RECORDS SUPPLIED START
(* Let $N$ be a prime number and $n,t,s$ positive integers with $t\le n$ and $N\ge s+1$. Let $\vec u_1,\dots,\vec u_t\in\mathbb{Z}_N^n$ be linearly independent over $\mathbb{Z}_N$. Let $Q(s)=\{\vec x=(x_1,\dots,x_n)\in\mathbb{Z}_N^n: x_i\in\{0,1,\dots,s\},\ i=1,\dots,n\}$ and $L=\{\sum_{i=1}^t m_i\vec u_i: m_i\in\mathbb{Z}_N\}$. Then $|L\cap Q(s)|\le(s+1)^t$.
   Context: $\mathbb{Z}_N=\mathbb{Z}/N\mathbb{Z}$, viewed as the field with $N$ elements. *)

theory Defs
  imports "HOL-Number_Theory.Number_Theory"
begin

text \<open>Elements of Z_N^n are represented as functions nat => int with entries in
  {0..<N} at coordinates i < n and 0 elsewhere (canonical residues).\<close>

definition ZNvec :: "int \<Rightarrow> nat \<Rightarrow> (nat \<Rightarrow> int) set" where
  "ZNvec N n = {x. (\<forall>i<n. 0 \<le> x i \<and> x i < N) \<and> (\<forall>i\<ge>n. x i = 0)}"

text \<open>Linear independence over Z_N of u_0,...,u_{t-1} in Z_N^n (indices shifted to 0-based).\<close>
definition lin_indep_ZN :: "int \<Rightarrow> nat \<Rightarrow> nat \<Rightarrow> (nat \<Rightarrow> nat \<Rightarrow> int) \<Rightarrow> bool" where
  "lin_indep_ZN N n t u \<longleftrightarrow>
     (\<forall>m :: nat \<Rightarrow> int. (\<forall>j<n. [(\<Sum>i<t. m i * u i j) = 0] (mod N))
        \<longrightarrow> (\<forall>i<t. [m i = 0] (mod N)))"

definition span_ZN :: "int \<Rightarrow> nat \<Rightarrow> nat \<Rightarrow> (nat \<Rightarrow> nat \<Rightarrow> int) \<Rightarrow> (nat \<Rightarrow> int) set" where
  "span_ZN N n t u = {x. \<exists>m :: nat \<Rightarrow> int. (\<forall>i<t. 0 \<le> m i \<and> m i < N) \<and>
       (\<forall>j<n. x j = (\<Sum>i<t. m i * u i j) mod N) \<and> (\<forall>j\<ge>n. x j = 0)}"

definition Qbox :: "int \<Rightarrow> nat \<Rightarrow> nat \<Rightarrow> (nat \<Rightarrow> int) set" where
  "Qbox N n s = {x \<in> ZNvec N n. \<forall>i<n. x i \<in> {0..int s}}"

end

theory Submission
  imports Defs
begin

text \<open>Gaussian elimination, one coordinate at a time. Consider the points of an affine coset
  y + span(v_i : i \<in> I) of Z_N^n whose coordinates in a finite set J all lie in {0,...,s}.
  If every generator vanishes in a coordinate j \<in> J, that coordinate is constant on the coset.
  Otherwise some v_k j is invertible mod N, and once the value a \<in> {0,...,s} of coordinate j
  is fixed, the coefficient of v_k is determined by the others; so each of the s + 1 fibres lies
  in a coset with one generator fewer. By induction on J the count is at most (s + 1)^|I|.\<close>

definition coset_box_points ::
    "int \<Rightarrow> nat \<Rightarrow> ('j \<Rightarrow> int) \<Rightarrow> ('i \<Rightarrow> 'j \<Rightarrow> int) \<Rightarrow> 'i set \<Rightarrow> 'j set \<Rightarrow> ('j \<Rightarrow> int) set" where
  "coset_box_points N s y v I J =
     {f. (\<exists>m. \<forall>j\<in>J. f j = (y j + (\<Sum>i\<in>I. m i * v i j)) mod N) \<and>
         (\<forall>j. (j \<in> J \<longrightarrow> f j \<in> {0..int s}) \<and> (j \<notin> J \<longrightarrow> f j = 0))}"

lemma finite_coset_box_points:
  assumes "finite J"
  shows "finite (coset_box_points N s y v I J)"
proof (rule finite_subset)
  show "coset_box_points N s y v I J \<subseteq>
      {f. \<forall>j. (j \<in> J \<longrightarrow> f j \<in> {0..int s}) \<and> (j \<notin> J \<longrightarrow> f j = 0)}"
    unfolding coset_box_points_def by blast
  show "finite {f. \<forall>j. (j \<in> J \<longrightarrow> f j \<in> {0..int s}) \<and> (j \<notin> J \<longrightarrow> f j = (0::int))}"
    using assms by (intro finite_set_of_finite_funs) auto
qed

lemma coset_box_points_empty_subset: "coset_box_points N s y v I {} \<subseteq> {\<lambda>_. 0}"
  unfolding coset_box_points_def by auto

lemma coset_box_points_insert_constant_coord:
  assumes "j \<notin> J" and "\<forall>i\<in>I. N dvd v i j"
  shows "coset_box_points N s y v I (insert j J) \<subseteq>
    (\<lambda>g. g(j := y j mod N)) ` coset_box_points N s y v I J"
proof
  fix f assume "f \<in> coset_box_points N s y v I (insert j J)"
  then obtain m where m: "\<forall>j'\<in>insert j J. f j' = (y j' + (\<Sum>i\<in>I. m i * v i j')) mod N"
    and box: "\<forall>j'. (j' \<in> insert j J \<longrightarrow> f j' \<in> {0..int s}) \<and> (j' \<notin> insert j J \<longrightarrow> f j' = 0)"
    unfolding coset_box_points_def by blast
  have "N dvd (\<Sum>i\<in>I. m i * v i j)"
    using assms(2) by (intro dvd_sum) simp
  then have "(y j + (\<Sum>i\<in>I. m i * v i j)) mod N = y j mod N"
    by (simp add: dvd_add_right_iff mod_eq_dvd_iff)
  then have "f j = y j mod N"
    using m by simp
  moreover have "f(j := 0) \<in> coset_box_points N s y v I J"
    unfolding coset_box_points_def using m box assms(1) by auto
  ultimately show "f \<in> (\<lambda>g. g(j := y j mod N)) ` coset_box_points N s y v I J"
    by (intro image_eqI[of _ _ "f(j := 0)"]) auto
qed

text \<open>Solving [a = y0 + m_k p + T] (mod N) for m_k with w = p^(-1) gives m_k = (a - y0 - T) w;
  substituting this into another coordinate y' + m_k q + S yields the left-hand side.\<close>

lemma cong_eliminate_coefficient:
  fixes N :: int
  assumes "[a = y0 + mk * p + T] (mod N)" and "[p * w = 1] (mod N)"
  shows "[y' + (a - y0) * w * q + (S - T * w * q) = y' + mk * q + S] (mod N)"
proof -
  have "N dvd (a - y0 - mk * p - T)" and "N dvd (p * w - 1)"
    using assms by (simp_all add: cong_iff_dvd_diff dvd_diff_commute algebra_simps)
  then have "N dvd q * ((a - y0 - mk * p - T) * w + mk * (p * w - 1))"
    by simp
  moreover have "q * ((a - y0 - mk * p - T) * w + mk * (p * w - 1)) =
      (y' + (a - y0) * w * q + (S - T * w * q)) - (y' + mk * q + S)"
    by (simp add: algebra_simps)
  ultimately show ?thesis
    by (simp add: cong_iff_dvd_diff)
qed

lemma coset_box_points_insert_pivot:
  assumes "j \<notin> J" and "finite I" and "k \<in> I" and inv: "[v k j * w = 1] (mod N)"
  shows "coset_box_points N s y v I (insert j J) \<subseteq>
    (\<Union>a\<in>{0..int s}. (\<lambda>g. g(j := a)) `
       coset_box_points N s (\<lambda>j'. y j' + (a - y j) * w * v k j')
         (\<lambda>i j'. v i j' - v i j * w * v k j') (I - {k}) J)"
    (is "_ \<subseteq> (\<Union>a\<in>_. _ ` coset_box_points N s (?y a) ?v _ J)")
proof
  fix f assume "f \<in> coset_box_points N s y v I (insert j J)"
  then obtain m where m: "\<forall>j'\<in>insert j J. f j' = (y j' + (\<Sum>i\<in>I. m i * v i j')) mod N"
    and box: "\<forall>j'. (j' \<in> insert j J \<longrightarrow> f j' \<in> {0..int s}) \<and> (j' \<notin> insert j J \<longrightarrow> f j' = 0)"
    unfolding coset_box_points_def by blast
  have split_k: "(\<Sum>i\<in>I. m i * v i j') = m k * v k j' + (\<Sum>i\<in>I - {k}. m i * v i j')" for j'
    using assms(2,3) by (simp add: sum.remove)
  have pivot_coord: "[f j = y j + m k * v k j + (\<Sum>i\<in>I - {k}. m i * v i j)] (mod N)"
    using m by (simp add: cong_def split_k add.assoc)
  have "f j' = (?y (f j) j' + (\<Sum>i\<in>I - {k}. m i * ?v i j')) mod N" if "j' \<in> J" for j'
  proof -
    have "(\<Sum>i\<in>I - {k}. m i * ?v i j') =
        (\<Sum>i\<in>I - {k}. m i * v i j') - (\<Sum>i\<in>I - {k}. m i * v i j) * w * v k j'"
      by (simp add: sum_subtractf sum_distrib_left sum_distrib_right algebra_simps)
    then have "[?y (f j) j' + (\<Sum>i\<in>I - {k}. m i * ?v i j') =
        y j' + (\<Sum>i\<in>I. m i * v i j')] (mod N)"
      using cong_eliminate_coefficient[OF pivot_coord inv] by (simp add: split_k add.assoc)
    then show ?thesis
      using m that by (simp add: cong_def)
  qed
  then have "f(j := 0) \<in> coset_box_points N s (?y (f j)) ?v (I - {k}) J"
    unfolding coset_box_points_def using box assms(1) by (auto intro!: exI[of _ m])
  moreover have "f j \<in> {0..int s}"
    using box by blast
  ultimately show "f \<in> (\<Union>a\<in>{0..int s}. (\<lambda>g. g(j := a)) ` coset_box_points N s (?y a) ?v (I - {k}) J)"
    by (intro UN_I[of "f j"] image_eqI[of _ _ "f(j := 0)"]) auto
qed

lemma card_coset_box_points_le:
  assumes "prime N" and "finite I" and "finite J"
  shows "card (coset_box_points N s y v I J) \<le> (s + 1) ^ card I"
  using assms(3,2)
proof (induction J arbitrary: I y v rule: finite_induct)
  case empty
  have "card (coset_box_points N s y v I {}) \<le> 1"
    using card_mono[OF _ coset_box_points_empty_subset] by simp
  also have "1 \<le> (s + 1) ^ card I"
    by simp
  finally show ?case .
next
  case (insert j J)
  consider (vanishing) "\<forall>i\<in>I. N dvd v i j" | (pivot) k where "k \<in> I" and "\<not> N dvd v k j"
    by blast
  then show ?case
  proof cases
    case vanishing
    have "card (coset_box_points N s y v I (insert j J))
        \<le> card ((\<lambda>g. g(j := y j mod N)) ` coset_box_points N s y v I J)"
      using coset_box_points_insert_constant_coord[where v = v, OF insert.hyps(2) vanishing]
      by (intro card_mono finite_imageI finite_coset_box_points insert.hyps(1))
    also have "\<dots> \<le> card (coset_box_points N s y v I J)"
      by (rule card_image_le) (rule finite_coset_box_points[OF insert.hyps(1)])
    also have "\<dots> \<le> (s + 1) ^ card I"
      by (rule insert.IH[OF insert.prems])
    finally show ?thesis .
  next
    case pivot
    have "coprime (v k j) N"
      using prime_imp_coprime[OF assms(1) pivot(2)] by (simp add: coprime_commute)
    then obtain w where inv: "[v k j * w = 1] (mod N)"
      using cong_solve_coprime_int by blast
    define C where "C a = coset_box_points N s (\<lambda>j'. y j' + (a - y j) * w * v k j')
      (\<lambda>i j'. v i j' - v i j * w * v k j') (I - {k}) J" for a
    have card_C: "card (C a) \<le> (s + 1) ^ card (I - {k})" for a
      unfolding C_def using insert.prems by (intro insert.IH) simp
    have "card (coset_box_points N s y v I (insert j J))
        \<le> card (\<Union>a\<in>{0..int s}. (\<lambda>g. g(j := a)) ` C a)"
      using coset_box_points_insert_pivot[where v = v and y = y, OF insert.hyps(2) insert.prems pivot(1) inv]
      unfolding C_def
      by (intro card_mono) (auto intro: finite_coset_box_points insert.hyps(1))
    also have "\<dots> \<le> (\<Sum>a\<in>{0..int s}. card ((\<lambda>g. g(j := a)) ` C a))"
      by (rule card_UN_le) simp
    also have "\<dots> \<le> (\<Sum>a\<in>{0..int s}. (s + 1) ^ card (I - {k}))"
      by (intro sum_mono le_trans[OF card_image_le card_C])
        (simp add: C_def finite_coset_box_points insert.hyps(1))
    also have "\<dots> = (s + 1) ^ card I"
      by (simp add: nat_add_distrib card_Suc_Diff1[OF insert.prems pivot(1), symmetric])
    finally show ?thesis .
  qed
qed

lemma span_ZN_inter_Qbox_subset:
  "span_ZN N n t u \<inter> Qbox N n s \<subseteq> coset_box_points N s (\<lambda>_. 0) u {..<t} {..<n}"
  unfolding span_ZN_def Qbox_def coset_box_points_def by auto

theorem lemma24:
  fixes N :: int and n t s :: nat and u :: "nat \<Rightarrow> nat \<Rightarrow> int"
  assumes "prime N" and "0 < n" and "0 < t" and "0 < s" and "t \<le> n" and "N \<ge> int s + 1"
    and "\<forall>i<t. u i \<in> ZNvec N n"
    and "lin_indep_ZN N n t u"
  shows "card (span_ZN N n t u \<inter> Qbox N n s) \<le> (s + 1) ^ t"
proof -
  have "card (span_ZN N n t u \<inter> Qbox N n s) \<le> card (coset_box_points N s (\<lambda>_. 0) u {..<t} {..<n})"
    by (intro card_mono finite_coset_box_points span_ZN_inter_Qbox_subset) simp
  also have "\<dots> \<le> (s + 1) ^ t"
    using card_coset_box_points_le[OF assms(1), of "{..<t}" "{..<n}"] by simp
  finally show ?thesis .
qed

end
RECORDS SUPPLIED END
__WORK TO COMPLETE__:
Of all the lines above, tally those with the word "prems". Write the total only.

__ANSWER SECTION__:
4